__What this task involves__
What you should copy is the line containing "(simp add: algebra_simps)" and all lines after it in the entries below, exactly and without anything added.

__Collected data__
--------------------------------------------------

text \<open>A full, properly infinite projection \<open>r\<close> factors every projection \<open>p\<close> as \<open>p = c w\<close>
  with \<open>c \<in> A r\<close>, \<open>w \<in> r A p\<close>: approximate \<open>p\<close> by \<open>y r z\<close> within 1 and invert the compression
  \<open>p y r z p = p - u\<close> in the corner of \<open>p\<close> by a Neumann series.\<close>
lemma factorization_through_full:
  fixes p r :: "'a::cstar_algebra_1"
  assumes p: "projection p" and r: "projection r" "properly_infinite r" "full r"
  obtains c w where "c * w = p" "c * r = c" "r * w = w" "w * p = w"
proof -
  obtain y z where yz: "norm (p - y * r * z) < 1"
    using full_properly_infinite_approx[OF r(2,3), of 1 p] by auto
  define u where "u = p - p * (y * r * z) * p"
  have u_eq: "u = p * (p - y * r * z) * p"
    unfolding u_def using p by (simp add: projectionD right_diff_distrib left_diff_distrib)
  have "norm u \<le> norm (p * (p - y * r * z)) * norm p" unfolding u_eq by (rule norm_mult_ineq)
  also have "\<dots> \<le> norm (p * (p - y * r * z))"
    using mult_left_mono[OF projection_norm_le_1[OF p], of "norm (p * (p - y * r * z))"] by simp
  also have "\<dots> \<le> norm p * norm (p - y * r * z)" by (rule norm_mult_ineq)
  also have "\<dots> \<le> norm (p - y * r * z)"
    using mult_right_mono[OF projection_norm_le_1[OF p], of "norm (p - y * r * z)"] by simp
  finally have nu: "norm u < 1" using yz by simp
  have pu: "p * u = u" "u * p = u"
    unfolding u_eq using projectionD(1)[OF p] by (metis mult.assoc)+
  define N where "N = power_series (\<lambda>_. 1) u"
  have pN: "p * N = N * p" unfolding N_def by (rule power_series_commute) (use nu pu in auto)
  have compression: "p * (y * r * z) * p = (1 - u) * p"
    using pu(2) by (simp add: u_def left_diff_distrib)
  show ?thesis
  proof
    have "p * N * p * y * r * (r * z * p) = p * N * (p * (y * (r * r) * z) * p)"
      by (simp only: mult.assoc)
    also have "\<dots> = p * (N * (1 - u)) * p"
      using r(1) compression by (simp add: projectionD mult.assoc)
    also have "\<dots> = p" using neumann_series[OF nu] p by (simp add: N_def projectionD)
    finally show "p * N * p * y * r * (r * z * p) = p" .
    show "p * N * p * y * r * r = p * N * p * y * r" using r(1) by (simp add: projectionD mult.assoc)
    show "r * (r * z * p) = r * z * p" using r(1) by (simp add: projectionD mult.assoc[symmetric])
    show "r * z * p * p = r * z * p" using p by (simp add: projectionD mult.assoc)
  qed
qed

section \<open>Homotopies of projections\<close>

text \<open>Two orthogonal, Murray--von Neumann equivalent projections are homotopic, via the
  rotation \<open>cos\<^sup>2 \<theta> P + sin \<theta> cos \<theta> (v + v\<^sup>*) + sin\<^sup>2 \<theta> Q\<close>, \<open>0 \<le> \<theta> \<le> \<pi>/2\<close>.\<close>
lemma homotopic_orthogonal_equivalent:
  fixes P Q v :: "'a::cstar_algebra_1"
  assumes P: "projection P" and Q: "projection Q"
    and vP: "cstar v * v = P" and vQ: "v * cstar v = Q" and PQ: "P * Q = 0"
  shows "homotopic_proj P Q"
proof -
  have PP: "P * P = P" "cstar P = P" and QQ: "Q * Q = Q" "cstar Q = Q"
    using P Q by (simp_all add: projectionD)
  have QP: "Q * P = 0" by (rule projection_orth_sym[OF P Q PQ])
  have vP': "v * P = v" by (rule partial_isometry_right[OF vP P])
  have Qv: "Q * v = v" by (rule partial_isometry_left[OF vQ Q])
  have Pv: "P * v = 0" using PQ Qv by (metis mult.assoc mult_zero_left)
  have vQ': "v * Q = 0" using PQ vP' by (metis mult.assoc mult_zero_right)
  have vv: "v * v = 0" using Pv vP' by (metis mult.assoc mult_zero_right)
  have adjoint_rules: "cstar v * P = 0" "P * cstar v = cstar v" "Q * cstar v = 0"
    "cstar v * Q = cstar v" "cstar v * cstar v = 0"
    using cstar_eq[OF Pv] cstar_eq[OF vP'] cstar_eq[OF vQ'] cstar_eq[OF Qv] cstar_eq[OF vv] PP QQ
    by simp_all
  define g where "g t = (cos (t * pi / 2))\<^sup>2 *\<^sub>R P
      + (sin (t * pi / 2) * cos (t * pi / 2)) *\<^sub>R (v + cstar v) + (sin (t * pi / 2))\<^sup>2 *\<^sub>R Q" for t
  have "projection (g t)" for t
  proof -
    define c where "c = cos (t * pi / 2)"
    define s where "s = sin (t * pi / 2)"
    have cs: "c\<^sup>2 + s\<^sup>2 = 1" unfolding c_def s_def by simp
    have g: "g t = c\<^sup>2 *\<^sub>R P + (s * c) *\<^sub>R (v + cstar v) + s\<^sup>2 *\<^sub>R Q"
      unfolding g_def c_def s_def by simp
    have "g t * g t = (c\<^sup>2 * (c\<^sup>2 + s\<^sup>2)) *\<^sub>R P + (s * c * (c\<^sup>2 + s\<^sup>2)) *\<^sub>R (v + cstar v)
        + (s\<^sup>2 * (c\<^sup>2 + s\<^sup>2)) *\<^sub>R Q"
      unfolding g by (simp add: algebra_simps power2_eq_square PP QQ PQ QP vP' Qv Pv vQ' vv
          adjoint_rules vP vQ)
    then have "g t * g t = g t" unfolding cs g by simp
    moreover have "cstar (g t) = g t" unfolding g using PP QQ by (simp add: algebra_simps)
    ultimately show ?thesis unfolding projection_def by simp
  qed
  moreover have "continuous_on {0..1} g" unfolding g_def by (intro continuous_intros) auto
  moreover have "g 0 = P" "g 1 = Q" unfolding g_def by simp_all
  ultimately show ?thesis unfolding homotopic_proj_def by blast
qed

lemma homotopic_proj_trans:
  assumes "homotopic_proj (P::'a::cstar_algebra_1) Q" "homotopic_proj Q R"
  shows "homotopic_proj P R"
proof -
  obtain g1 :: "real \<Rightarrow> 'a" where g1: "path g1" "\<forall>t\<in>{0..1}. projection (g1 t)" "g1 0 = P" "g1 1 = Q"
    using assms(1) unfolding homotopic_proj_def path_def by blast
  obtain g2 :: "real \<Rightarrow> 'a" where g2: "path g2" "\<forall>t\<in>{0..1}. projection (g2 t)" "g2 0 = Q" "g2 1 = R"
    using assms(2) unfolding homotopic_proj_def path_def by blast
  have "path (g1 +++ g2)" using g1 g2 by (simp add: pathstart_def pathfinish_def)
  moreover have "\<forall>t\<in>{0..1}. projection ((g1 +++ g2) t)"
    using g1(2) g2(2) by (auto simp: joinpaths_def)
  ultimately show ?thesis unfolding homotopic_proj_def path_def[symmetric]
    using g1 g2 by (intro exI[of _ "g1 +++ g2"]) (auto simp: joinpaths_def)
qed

--------------------------------------------------

__Response box__
    moreover have "cstar (g t) = g t" unfolding g using PP QQ by (simp add: algebra_simps)
    ultimately show ?thesis unfolding projection_def by simp
  qed
  moreover have "continuous_on {0..1} g" unfolding g_def by (intro continuous_intros) auto
  moreover have "g 0 = P" "g 1 = Q" unfolding g_def by simp_all
  ultimately show ?thesis unfolding homotopic_proj_def by blast
qed

lemma homotopic_proj_trans:
  assumes "homotopic_proj (P::'a::cstar_algebra_1) Q" "homotopic_proj Q R"
  shows "homotopic_proj P R"
proof -
  obtain g1 :: "real \<Rightarrow> 'a" where g1: "path g1" "\<forall>t\<in>{0..1}. projection (g1 t)" "g1 0 = P" "g1 1 = Q"
    using assms(1) unfolding homotopic_proj_def path_def by blast
  obtain g2 :: "real \<Rightarrow> 'a" where g2: "path g2" "\<forall>t\<in>{0..1}. projection (g2 t)" "g2 0 = Q" "g2 1 = R"
    using assms(2) unfolding homotopic_proj_def path_def by blast
  have "path (g1 +++ g2)" using g1 g2 by (simp add: pathstart_def pathfinish_def)
  moreover have "\<forall>t\<in>{0..1}. projection ((g1 +++ g2) t)"
    using g1(2) g2(2) by (auto simp: joinpaths_def)
  ultimately show ?thesis unfolding homotopic_proj_def path_def[symmetric]
    using g1 g2 by (intro exI[of _ "g1 +++ g2"]) (auto simp: joinpaths_def)
qed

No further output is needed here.